In a State of the Art Review article entitled ‘Carotid artery atherosclerosis: mechanisms of instability and clinical implications’, Luca Saba from the University of Cagliari in Italy, and colleagues point out that CV disease remains a prominent cause of disability and premature death worldwide.5 Within this spectrum, carotid artery atherosclerosis is a complex and multifaceted condition, and a prominent precursor of acute ischaemic stroke and other CV events. The intricate interplay among inflammation, oxidative stress, endothelial dysfunction, lipid metabolism, and immune responses participates in the development of lesions, leading to luminal stenosis and potential plaque instability. Even non-stenotic plaques can precipitate a sudden CV event, regardless of the degree of luminal encroachment. In this context, carotid imaging modalities have proved their efficacy in providing in vivo characterization of plaque features, contributing substantially to patient risk stratification and clinical management. This review emphasizes the importance of identifying high-risk individuals by use of current imaging modalities, biomarkers, and risk stratification tools. Such approaches inform early intervention and the implementation of personalized therapeutic strategies, ultimately enhancing patient outcomes in the realm of CV disease management.

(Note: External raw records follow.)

lemma le_3_of_deque_relation:
  fixes P t s D :: real
  assumes P: "1 \<le> P" and t: "0 \<le> t" "t < 1"
    and s: "s^2 = radicand P t"
    and D: "2 * D = 2 + t + 2*P*t - 2*P*t^2 - t * s"
    and P_le_D: "P \<le> D"
  shows "P \<le> 3"
proof -
  have "s^2 \<le> (2*P*(1 - t))^2"
  proof -
    have "(2*P*(1 - t))^2 = radicand P t + 4*P*(1 + t) - 1"
      by (simp add: radicand_def algebra_simps power2_eq_square)
    moreover have "1 \<le> 4*P*(1 + t)"
      using P t mult_mono[of 1 "4*P" 1 "1 + t"] by simp
    ultimately show ?thesis
      using s by linarith
  qed
  then have "- s \<le> 2*P*(1 - t)"
    using P t abs_le_square_iff[of s "2*P*(1 - t)"] by auto
  then have "- t * s \<le> 2*P*t - 2*P*t^2"
    using mult_left_mono[of "- s" "2*P*(1 - t)" t] t by (simp add: algebra_simps power2_eq_square)
  then have "P * (2 - 4*t + 4*t^2) \<le> 2 + t"
    using D P_le_D by (simp add: algebra_simps power2_eq_square)
  moreover have "P \<le> P * (2 - 4*t + 4*t^2)"
    using P mult_left_mono[of 1 "2 - 4*t + 4*t^2" P] zero_le_power2[of "1 - 2*t"]
    by (simp add: algebra_simps power2_eq_square)
  ultimately show ?thesis
    using t by linarith
qed

lemma less_fps_conv_radius_add:
  "x < fps_conv_radius f \<Longrightarrow> x < fps_conv_radius g \<Longrightarrow> x < fps_conv_radius (f + g)"
  using fps_conv_radius_add[of f g] by (meson min_less_iff_conj order_less_le_trans)

lemma less_fps_conv_radius_diff:
  "x < fps_conv_radius f \<Longrightarrow> x < fps_conv_radius g \<Longrightarrow> x < fps_conv_radius (f - g)"
  using fps_conv_radius_diff[of f g] by (meson min_less_iff_conj order_less_le_trans)

lemma less_fps_conv_radius_mult:
  fixes f g :: "'a :: {banach, real_normed_div_algebra, comm_ring_1} fps"
  shows "x < fps_conv_radius f \<Longrightarrow> x < fps_conv_radius g \<Longrightarrow> x < fps_conv_radius (f * g)"
  using fps_conv_radius_mult[of f g] by (meson min_less_iff_conj order_less_le_trans)

lemma less_fps_conv_radius_power:
  fixes f :: "'a :: {banach, real_normed_div_algebra, comm_ring_1} fps"
  shows "x < fps_conv_radius f \<Longrightarrow> x < fps_conv_radius (f ^ n)"
  using fps_conv_radius_power[of f n] by (meson order_less_le_trans)

lemmas less_fps_conv_radius_intros =
  less_fps_conv_radius_add less_fps_conv_radius_diff less_fps_conv_radius_mult less_fps_conv_radius_power

lemmas eval_fps_arith = eval_fps_add eval_fps_diff eval_fps_mult eval_fps_power

lemma conv_radius_p_count_pos: "0 < conv_radius (\<lambda>n. real (p_count n))"
proof -
  have "summable (\<lambda>n. real (p_count n) * (1/32)^n)"
  proof (rule summable_comparison_test')
    show "summable (\<lambda>n. (1/2::real)^n)"
      by simp
    fix n :: nat
    have "real (p_count n) * (1/32)^n \<le> 16^n * (1/32)^n"
      using p_count_le_16_power[of n] by (intro mult_right_mono) (simp_all flip: of_nat_le_iff)
    also have "\<dots> = (1/2)^n"
      by (simp flip: power_mult_distrib)
    finally show "norm (real (p_count n) * (1/32)^n) \<le> (1/2)^n"
      by simp
  qed
  then have "ereal (1/32) \<le> conv_radius (\<lambda>n. real (p_count n))"
    using conv_radius_geI[of "\<lambda>n. real (p_count n)" "1/32"] by simp
  then show ?thesis
    by (rule order.strict_trans2[rotated]) simp
qed

lemma eval_Pfps: "eval_fps Pfps t = Pval t"
  by (simp add: eval_fps_def Pval_def Pfps_def)

lemma Pval_mono:
  assumes "0 \<le> x" "x \<le> y" "ereal y < conv_radius (\<lambda>n. real (p_count n))"
  shows "Pval x \<le> Pval y"
proof -
  have "ereal x < conv_radius (\<lambda>n. real (p_count n))"
    using assms by (meson ereal_less_eq(3) order_le_less_trans)
  then show ?thesis
    unfolding Pval_def using assms
    by (intro suminf_le summable_in_conv_radius) (auto intro!: mult_left_mono power_mono)
qed

lemma Pval_ge_1:
  assumes "0 \<le> t" "ereal t < conv_radius (\<lambda>n. real (p_count n))"
  shows "1 \<le> Pval t"
proof -
  have "(\<Sum>n\<in>{0}. real (p_count n) * t ^ n) \<le> Pval t"
    unfolding Pval_def using assms by (intro sum_le_suminf summable_in_conv_radius) auto
  then show ?thesis
    by (simp add: p_count_0)
qed

lemma Pval_le_eval_Dfps:
  assumes "0 \<le> t" "ereal t < conv_radius (\<lambda>n. real (p_count n))"
    and "conv_radius (\<lambda>n. real (d_count n)) = conv_radius (\<lambda>n. real (p_count n))"
  shows "Pval t \<le> eval_fps Dfps t"
  unfolding Pval_def eval_fps_def Dfps_def fps_nth_Abs_fps using assms
  by (intro suminf_le summable_in_conv_radius mult_right_mono) (simp_all add: p_count_le_d_count)

lemma mono_on_bounded_tendsto_at_left:
  fixes f :: "real \<Rightarrow> real"
  assumes "a < b" and mono: "mono_on {a..<b} f" and bound: "\<And>x. x \<in> {a..<b} \<Longrightarrow> f x \<le> B"
  shows "(f \<longlongrightarrow> (SUP x\<in>{a..<b}. f x)) (at_left b)"
proof -
  have bdd: "bdd_above (f ` {a..<b})"
    using bound by (intro bdd_aboveI2)
  show ?thesis
  proof (rule order_tendstoI)
    fix y assume "y < (SUP x\<in>{a..<b}. f x)"
    then obtain x where x: "x \<in> {a..<b}" "y < f x"
      using \<open>a < b\<close> bdd by (auto simp: less_cSUP_iff)
    have "eventually (\<lambda>z. z \<in> {x<..<b}) (at_left b)"
      using x by (intro eventually_at_left_real) auto
    then show "eventually (\<lambda>z. y < f z) (at_left b)"
    proof (rule eventually_mono)
      fix z assume "z \<in> {x<..<b}"
      then have "f x \<le> f z"
        using x by (intro mono_onD[OF mono]) auto
      with x show "y < f z"
        by linarith
    qed
  next
    fix y assume y: "(SUP x\<in>{a..<b}. f x) < y"
    have "eventually (\<lambda>z. z \<in> {a<..<b}) (at_left b)"
      using \<open>a < b\<close> by (intro eventually_at_left_real) auto
    then show "eventually (\<lambda>z. f z < y) (at_left b)"
    proof (rule eventually_mono)
      fix z assume "z \<in> {a<..<b}"
      then have "f z \<le> (SUP x\<in>{a..<b}. f x)"
        using bdd by (intro cSUP_upper) auto
      with y show "f z < y"
        by linarith
    qed
  qed
qed

locale deque_functional_equation =
  fixes tc :: real and S :: "real fps"
  assumes radius: "ereal tc = conv_radius (\<lambda>n. real (p_count n))"
    and same_radius: "conv_radius (\<lambda>n. real (d_count n)) = conv_radius (\<lambda>n. real (p_count n))"
    and S_square: "S ^ 2 = 1 - 4 * Pfps + 4 * Pfps ^ 2 - 8 * Pfps ^ 2 * fps_X
                + 4 * Pfps ^ 2 * fps_X ^ 2 - 4 * Pfps * fps_X"
    and D_equation: "2 * Dfps = 2 + fps_X + 2 * Pfps * fps_X - 2 * Pfps * fps_X ^ 2 - fps_X * S"
    and tc_less_1: "tc < 1"
begin

lemma tc_pos: "0 < tc"
  using conv_radius_p_count_pos by (simp flip: radius)

lemma Pval_ge_1_below_tc: "0 \<le> t \<Longrightarrow> t < tc \<Longrightarrow> 1 \<le> Pval t"
  using Pval_ge_1 by (simp flip: radius)

lemma eval_relations:
  assumes t: "0 \<le> t" "t < tc"
  shows "(eval_fps S t)^2 = radicand (Pval t) t"
    and "2 * eval_fps Dfps t = 2 + t + 2 * Pval t * t - 2 * Pval t * t^2 - t * eval_fps S t"
proof -
  have P: "ereal (norm t) < fps_conv_radius Pfps"
    using radius t by (simp add: fps_conv_radius_def Pfps_def flip: radius)
  have D: "ereal (norm t) < fps_conv_radius Dfps"
    using radius t by (simp add: fps_conv_radius_def Dfps_def same_radius flip: radius)
  \<comment> \<open>The radius of \<open>S\<close> is not given; it is inherited from \<open>P\<close> and \<open>D\<close> through the relation for \<open>2D\<close>.\<close>
  have "S * fps_X = 2 + fps_X + 2 * Pfps * fps_X - 2 * Pfps * fps_X ^ 2 - 2 * Dfps"
    using D_equation by (simp add: algebra_simps)
  then have "ereal (norm t) < fps_conv_radius (S * fps_X)"
    using P D by (simp add: less_fps_conv_radius_intros)
  then have S: "ereal (norm t) < fps_conv_radius S"
    by (metis fps_conv_radius_shift fps_shift_times_fps_X')
  have "(eval_fps S t)^2 = eval_fps (S ^ 2) t"
    using S by (simp add: eval_fps_power)
  also have "\<dots> = radicand (Pval t) t"
    unfolding S_square using P by (simp add: eval_fps_arith less_fps_conv_radius_intros eval_Pfps radicand_def)
  finally show "(eval_fps S t)^2 = radicand (Pval t) t" .
  have "2 * eval_fps Dfps t = eval_fps (2 * Dfps) t"
    using D by (simp add: eval_fps_mult)
  also have "\<dots> = 2 + t + 2 * Pval t * t - 2 * Pval t * t^2 - t * eval_fps S t"
    unfolding D_equation using P S by (simp add: eval_fps_arith less_fps_conv_radius_intros eval_Pfps)
  finally show "2 * eval_fps Dfps t = 2 + t + 2 * Pval t * t - 2 * Pval t * t^2 - t * eval_fps S t" .
qed

lemma sqrt_inequality_below_tc:
  assumes t: "0 \<le> t" "t < tc"
  shows "1 + sqrt (2 * t * Pval t) \<le> sqrt (2 * Pval t)"
proof (rule sqrt_inequality_of_radicand_nonneg[OF Pval_ge_1_below_tc[OF t] t(1)])
  show "t \<le> 1"
    using t tc_less_1 by simp
  show "0 \<le> radicand (Pval t) t"
    by (simp flip: eval_relations(1)[OF t])
qed

lemma Pval_le_3:
  assumes t: "0 \<le> t" "t < tc"
  shows "Pval t \<le> 3"
proof (rule le_3_of_deque_relation[OF Pval_ge_1_below_tc[OF t] t(1) _ eval_relations[OF t]])
  show "t < 1"
    using t tc_less_1 by simp
  show "Pval t \<le> eval_fps Dfps t"
    using Pval_le_eval_Dfps[OF t(1) _ same_radius] t(2) by (simp flip: radius)
qed

lemma Pval_tendsto_at_left_tc: "(Pval \<longlongrightarrow> (SUP t\<in>{0..<tc}. Pval t)) (at_left tc)"
proof (rule mono_on_bounded_tendsto_at_left[OF tc_pos])
  show "mono_on {0..<tc} Pval"
    by (intro mono_onI Pval_mono) (auto simp flip: radius)
qed (auto intro: Pval_le_3)

lemma sqrt_inequality_at_tc:
  defines "L \<equiv> SUP t\<in>{0..<tc}. Pval t"
  shows "1 + sqrt (2 * tc * L) \<le> sqrt (2 * L)"
proof -
  have "((\<lambda>t. sqrt (2 * Pval t) - sqrt (2 * t * Pval t)) \<longlongrightarrow> sqrt (2 * L) - sqrt (2 * tc * L))
      (at_left tc)"
    unfolding L_def by (intro tendsto_intros Pval_tendsto_at_left_tc tendsto_ident_at)
  moreover have "eventually (\<lambda>t. 1 \<le> sqrt (2 * Pval t) - sqrt (2 * t * Pval t)) (at_left tc)"
    using eventually_at_left_real[OF tc_pos]
  proof (rule eventually_mono)
    fix t :: real assume "t \<in> {0<..<tc}"
    then have "1 + sqrt (2 * t * Pval t) \<le> sqrt (2 * Pval t)"
      by (intro sqrt_inequality_below_tc) auto
    then show "1 \<le> sqrt (2 * Pval t) - sqrt (2 * t * Pval t)"
      by linarith
  qed
  ultimately have "1 \<le> sqrt (2 * L) - sqrt (2 * tc * L)"
    by (intro tendsto_lowerbound) auto
  then show ?thesis
    by linarith
qed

Coronary artery bypass surgery plays a key role in the management of ischaemic heart disease.6–13 In a Hypothesis article entitled ‘Arterial conduits for coronary bypass grafting: the set-point concept’, Antonio Calafiore and Sotirios Prapas from the Henry Dunant Hospital in Athens, Greece along with Mario Gaudino from Weill Cornell Medicine in New York, NY, USA remind us that endothelial cells control the vascular tone of arterial grafts used for coronary artery bypass surgery and react to changes in local shear stress.14 The vascular adaptations induced by endothelial cell activation affect the outcome of surgical grafts and can be predicted based on the set-point theory. In this Hypothesis piece, it is proposed that the set-point concept should inform surgical decision for coronary artery bypass surgery.

Neutrophil extracellular traps (NETs) trigger atherothrombosis during acute myocardial infarction (AMI), but the mechanisms of induction remain unclear. Levels of extracellular vesicles (EVs) carrying oxidation-specific epitopes (OSEs), which are targeted by specific natural immunoglobulin M (IgM), are increased at the culprit site in AMI. In a Fast Track Congress article entitled ‘Malondialdehyde-specific natural IgM inhibit NETosis triggered by culprit site-derived extracellular vesicles from myocardial infarction patients’, Anna Ondracek from the Medical University of Vienna in Austria, and colleagues investigated EVs as inducers of NETosis and assessed the inhibitory effect of natural anti-OSE-IgM in this process.15 Blood from the culprit site and peripheral blood of ST-segment elevation myocardial infarction patients (n = 28) was collected, and myocardial function was assessed by cardiac magnetic resonance imaging (cMRI) 4 days and 195 days post-AMI. Extracellular vesicles were isolated from patient plasma and cell culture supernatants for neutrophil stimulation in vitro and in vivo, in the presence of a malondialdehyde (MDA)-specific IgM or an isotype control. CD45+ MDA + EVs and NET markers were elevated at the culprit site. Extracellular vesicles induced neutrophil activation and NET formation via TLR4 and PAD4, and mice injected with EVs showed increased NETosis. An MDA-specific IgM inhibited EV-induced NET release in vitro and in vivo. CD45+ MDA + EV concentrations inversely correlated with left ventricular ejection fraction post-AMI (Figure 1).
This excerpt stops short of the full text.